[Input — start]
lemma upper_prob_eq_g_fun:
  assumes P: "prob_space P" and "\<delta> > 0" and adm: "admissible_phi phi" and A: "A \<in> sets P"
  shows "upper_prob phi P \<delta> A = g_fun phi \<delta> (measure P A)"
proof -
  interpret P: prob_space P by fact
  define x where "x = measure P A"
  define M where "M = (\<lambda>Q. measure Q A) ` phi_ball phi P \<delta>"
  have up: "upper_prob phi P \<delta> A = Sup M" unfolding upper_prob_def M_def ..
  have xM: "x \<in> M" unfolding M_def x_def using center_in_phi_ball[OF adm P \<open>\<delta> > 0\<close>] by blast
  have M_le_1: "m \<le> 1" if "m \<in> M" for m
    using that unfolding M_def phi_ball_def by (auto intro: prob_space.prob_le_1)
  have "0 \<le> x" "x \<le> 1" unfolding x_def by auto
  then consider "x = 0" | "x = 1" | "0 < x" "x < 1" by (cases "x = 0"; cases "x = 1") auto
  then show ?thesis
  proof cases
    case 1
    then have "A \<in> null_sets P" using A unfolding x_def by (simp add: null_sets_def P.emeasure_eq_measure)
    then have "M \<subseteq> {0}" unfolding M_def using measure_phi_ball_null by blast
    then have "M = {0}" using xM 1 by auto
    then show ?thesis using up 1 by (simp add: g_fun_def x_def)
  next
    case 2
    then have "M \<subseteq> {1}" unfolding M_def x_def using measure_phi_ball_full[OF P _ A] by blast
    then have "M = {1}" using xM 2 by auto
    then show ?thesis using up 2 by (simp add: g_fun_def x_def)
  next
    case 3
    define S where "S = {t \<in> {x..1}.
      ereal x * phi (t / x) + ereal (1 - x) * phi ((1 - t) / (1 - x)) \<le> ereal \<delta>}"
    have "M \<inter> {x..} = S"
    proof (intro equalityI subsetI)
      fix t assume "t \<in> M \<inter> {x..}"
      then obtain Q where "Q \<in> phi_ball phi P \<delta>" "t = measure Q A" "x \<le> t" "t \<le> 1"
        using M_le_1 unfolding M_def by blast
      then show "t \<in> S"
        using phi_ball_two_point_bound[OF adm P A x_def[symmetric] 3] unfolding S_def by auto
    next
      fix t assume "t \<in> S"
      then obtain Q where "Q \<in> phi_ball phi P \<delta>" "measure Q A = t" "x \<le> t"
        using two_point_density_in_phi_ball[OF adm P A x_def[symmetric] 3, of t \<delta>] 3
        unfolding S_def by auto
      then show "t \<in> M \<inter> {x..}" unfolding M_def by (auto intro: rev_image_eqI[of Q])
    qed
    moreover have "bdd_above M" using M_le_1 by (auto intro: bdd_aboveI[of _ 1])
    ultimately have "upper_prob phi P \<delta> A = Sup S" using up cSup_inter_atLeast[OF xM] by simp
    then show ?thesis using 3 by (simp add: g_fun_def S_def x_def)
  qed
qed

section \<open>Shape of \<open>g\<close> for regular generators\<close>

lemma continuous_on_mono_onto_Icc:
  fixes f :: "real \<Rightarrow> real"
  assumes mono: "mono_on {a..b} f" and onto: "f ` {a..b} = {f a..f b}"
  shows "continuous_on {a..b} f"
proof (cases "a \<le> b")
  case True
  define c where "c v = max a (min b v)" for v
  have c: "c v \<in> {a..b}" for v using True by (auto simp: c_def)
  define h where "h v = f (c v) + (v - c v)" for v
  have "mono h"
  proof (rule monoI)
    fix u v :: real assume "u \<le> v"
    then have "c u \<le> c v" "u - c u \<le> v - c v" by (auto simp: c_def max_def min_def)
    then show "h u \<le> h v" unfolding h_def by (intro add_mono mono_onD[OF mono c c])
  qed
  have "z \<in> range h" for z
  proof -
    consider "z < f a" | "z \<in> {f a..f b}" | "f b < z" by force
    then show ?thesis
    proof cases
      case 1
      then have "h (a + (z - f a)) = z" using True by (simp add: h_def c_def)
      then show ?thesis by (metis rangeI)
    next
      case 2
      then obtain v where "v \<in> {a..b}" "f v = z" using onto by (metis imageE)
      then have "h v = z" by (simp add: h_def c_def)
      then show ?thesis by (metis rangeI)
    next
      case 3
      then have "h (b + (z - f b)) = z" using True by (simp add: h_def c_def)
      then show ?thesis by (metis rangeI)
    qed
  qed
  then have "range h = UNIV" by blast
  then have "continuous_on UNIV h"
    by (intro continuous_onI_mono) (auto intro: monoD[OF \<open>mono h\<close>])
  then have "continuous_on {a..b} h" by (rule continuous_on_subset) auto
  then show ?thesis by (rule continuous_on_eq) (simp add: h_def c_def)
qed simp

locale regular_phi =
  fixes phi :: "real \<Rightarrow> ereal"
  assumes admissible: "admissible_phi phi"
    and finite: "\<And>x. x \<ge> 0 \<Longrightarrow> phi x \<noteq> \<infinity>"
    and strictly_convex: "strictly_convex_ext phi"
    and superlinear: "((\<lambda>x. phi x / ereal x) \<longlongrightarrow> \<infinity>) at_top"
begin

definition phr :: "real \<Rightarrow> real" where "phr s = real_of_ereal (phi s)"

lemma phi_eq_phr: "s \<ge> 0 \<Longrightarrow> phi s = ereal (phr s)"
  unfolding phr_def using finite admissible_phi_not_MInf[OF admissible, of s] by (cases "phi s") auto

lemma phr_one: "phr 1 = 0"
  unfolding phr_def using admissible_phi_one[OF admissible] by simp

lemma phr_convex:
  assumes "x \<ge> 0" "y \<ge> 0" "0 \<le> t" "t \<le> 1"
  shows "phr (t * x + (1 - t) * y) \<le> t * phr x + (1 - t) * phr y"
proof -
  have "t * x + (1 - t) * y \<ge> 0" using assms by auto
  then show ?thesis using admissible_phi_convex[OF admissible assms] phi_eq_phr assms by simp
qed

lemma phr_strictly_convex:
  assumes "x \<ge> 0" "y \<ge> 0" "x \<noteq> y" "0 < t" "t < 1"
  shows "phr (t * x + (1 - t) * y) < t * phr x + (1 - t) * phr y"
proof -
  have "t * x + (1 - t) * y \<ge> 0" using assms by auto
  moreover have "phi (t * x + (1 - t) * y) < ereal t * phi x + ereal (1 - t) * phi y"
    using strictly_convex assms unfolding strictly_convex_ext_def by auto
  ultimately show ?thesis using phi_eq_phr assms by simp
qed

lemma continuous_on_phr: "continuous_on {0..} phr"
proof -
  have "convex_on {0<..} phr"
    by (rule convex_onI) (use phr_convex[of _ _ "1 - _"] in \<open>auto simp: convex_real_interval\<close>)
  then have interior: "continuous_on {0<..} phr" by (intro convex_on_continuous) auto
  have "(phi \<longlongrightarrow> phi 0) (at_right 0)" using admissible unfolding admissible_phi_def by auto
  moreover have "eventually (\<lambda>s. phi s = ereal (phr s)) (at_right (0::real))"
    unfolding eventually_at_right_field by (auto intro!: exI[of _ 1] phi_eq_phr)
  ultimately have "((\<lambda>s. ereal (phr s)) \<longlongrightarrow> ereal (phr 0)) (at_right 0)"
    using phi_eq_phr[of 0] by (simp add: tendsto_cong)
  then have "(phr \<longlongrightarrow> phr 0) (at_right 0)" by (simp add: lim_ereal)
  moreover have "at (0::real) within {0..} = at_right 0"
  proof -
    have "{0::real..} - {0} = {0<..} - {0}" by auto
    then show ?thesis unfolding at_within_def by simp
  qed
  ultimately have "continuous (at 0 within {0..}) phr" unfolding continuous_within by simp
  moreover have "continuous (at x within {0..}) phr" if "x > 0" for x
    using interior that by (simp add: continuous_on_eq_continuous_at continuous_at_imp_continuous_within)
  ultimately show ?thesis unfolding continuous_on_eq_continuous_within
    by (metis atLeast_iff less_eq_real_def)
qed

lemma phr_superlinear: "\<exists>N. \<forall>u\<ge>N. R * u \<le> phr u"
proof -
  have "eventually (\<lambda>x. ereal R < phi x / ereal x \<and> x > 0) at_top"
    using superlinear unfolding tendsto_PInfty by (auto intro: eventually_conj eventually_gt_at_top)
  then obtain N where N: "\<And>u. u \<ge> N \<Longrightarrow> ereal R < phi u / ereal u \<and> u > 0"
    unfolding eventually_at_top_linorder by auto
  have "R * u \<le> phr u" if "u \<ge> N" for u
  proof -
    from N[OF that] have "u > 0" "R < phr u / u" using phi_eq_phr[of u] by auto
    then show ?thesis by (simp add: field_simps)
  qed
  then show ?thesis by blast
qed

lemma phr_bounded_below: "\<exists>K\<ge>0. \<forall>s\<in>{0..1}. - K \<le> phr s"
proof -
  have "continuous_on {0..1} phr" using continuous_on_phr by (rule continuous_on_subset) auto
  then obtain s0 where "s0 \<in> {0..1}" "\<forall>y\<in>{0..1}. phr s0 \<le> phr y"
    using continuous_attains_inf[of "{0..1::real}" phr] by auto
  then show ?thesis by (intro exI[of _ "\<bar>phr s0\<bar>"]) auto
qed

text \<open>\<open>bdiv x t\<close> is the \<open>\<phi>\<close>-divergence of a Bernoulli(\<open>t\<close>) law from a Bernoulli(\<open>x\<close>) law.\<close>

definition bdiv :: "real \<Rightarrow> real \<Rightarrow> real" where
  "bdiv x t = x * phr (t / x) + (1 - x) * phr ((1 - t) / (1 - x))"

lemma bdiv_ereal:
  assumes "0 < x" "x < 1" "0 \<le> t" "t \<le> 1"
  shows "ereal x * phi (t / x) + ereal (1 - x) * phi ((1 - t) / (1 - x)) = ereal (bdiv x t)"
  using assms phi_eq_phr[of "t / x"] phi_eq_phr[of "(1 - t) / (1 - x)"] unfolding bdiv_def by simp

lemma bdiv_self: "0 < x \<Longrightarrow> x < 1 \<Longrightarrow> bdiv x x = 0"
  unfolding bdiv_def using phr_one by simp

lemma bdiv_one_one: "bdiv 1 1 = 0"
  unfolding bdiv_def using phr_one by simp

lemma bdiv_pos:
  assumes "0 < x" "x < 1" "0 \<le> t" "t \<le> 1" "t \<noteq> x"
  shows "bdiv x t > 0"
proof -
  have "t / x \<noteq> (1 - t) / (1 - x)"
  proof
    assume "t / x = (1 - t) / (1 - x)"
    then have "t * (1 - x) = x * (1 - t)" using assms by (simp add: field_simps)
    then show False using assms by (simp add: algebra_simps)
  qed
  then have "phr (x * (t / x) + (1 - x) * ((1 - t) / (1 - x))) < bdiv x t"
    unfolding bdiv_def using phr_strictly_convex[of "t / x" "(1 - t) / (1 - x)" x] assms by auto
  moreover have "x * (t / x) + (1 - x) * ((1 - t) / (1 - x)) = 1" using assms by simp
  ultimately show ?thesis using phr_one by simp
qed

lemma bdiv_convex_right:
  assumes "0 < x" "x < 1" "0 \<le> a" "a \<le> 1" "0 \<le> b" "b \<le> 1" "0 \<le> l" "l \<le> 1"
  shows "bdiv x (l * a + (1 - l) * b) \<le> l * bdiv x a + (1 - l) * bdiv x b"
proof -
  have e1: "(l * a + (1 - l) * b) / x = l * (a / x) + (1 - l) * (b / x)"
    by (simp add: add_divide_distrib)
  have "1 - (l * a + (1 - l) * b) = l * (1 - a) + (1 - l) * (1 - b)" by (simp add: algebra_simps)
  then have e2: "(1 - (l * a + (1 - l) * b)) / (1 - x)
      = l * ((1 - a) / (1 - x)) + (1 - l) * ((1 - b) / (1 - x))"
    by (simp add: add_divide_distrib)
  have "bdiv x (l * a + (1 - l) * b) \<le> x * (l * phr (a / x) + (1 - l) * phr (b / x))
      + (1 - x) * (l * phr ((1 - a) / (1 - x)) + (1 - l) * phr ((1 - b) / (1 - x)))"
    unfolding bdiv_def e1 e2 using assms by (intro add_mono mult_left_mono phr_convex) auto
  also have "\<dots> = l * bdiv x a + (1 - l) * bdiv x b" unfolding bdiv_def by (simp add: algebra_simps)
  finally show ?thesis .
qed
[Input — finish]
▶ Description of the task: From the data above, pick out each line containing "open" and copy it.

▶ Problem solution:
  have xM: "x \<in> M" unfolding M_def x_def using center_in_phi_ball[OF adm P \<open>\<delta> > 0\<close>] by blast
section \<open>Shape of \<open>g\<close> for regular generators\<close>
    by (intro continuous_onI_mono) (auto intro: monoD[OF \<open>mono h\<close>])
    by (rule convex_onI) (use phr_convex[of _ _ "1 - _"] in \<open>auto simp: convex_real_interval\<close>)
text \<open>\<open>bdiv x t\<close> is the \<open>\<phi>\<close>-divergence of a Bernoulli(\<open>t\<close>) law from a Bernoulli(\<open>x\<close>) law.\<close>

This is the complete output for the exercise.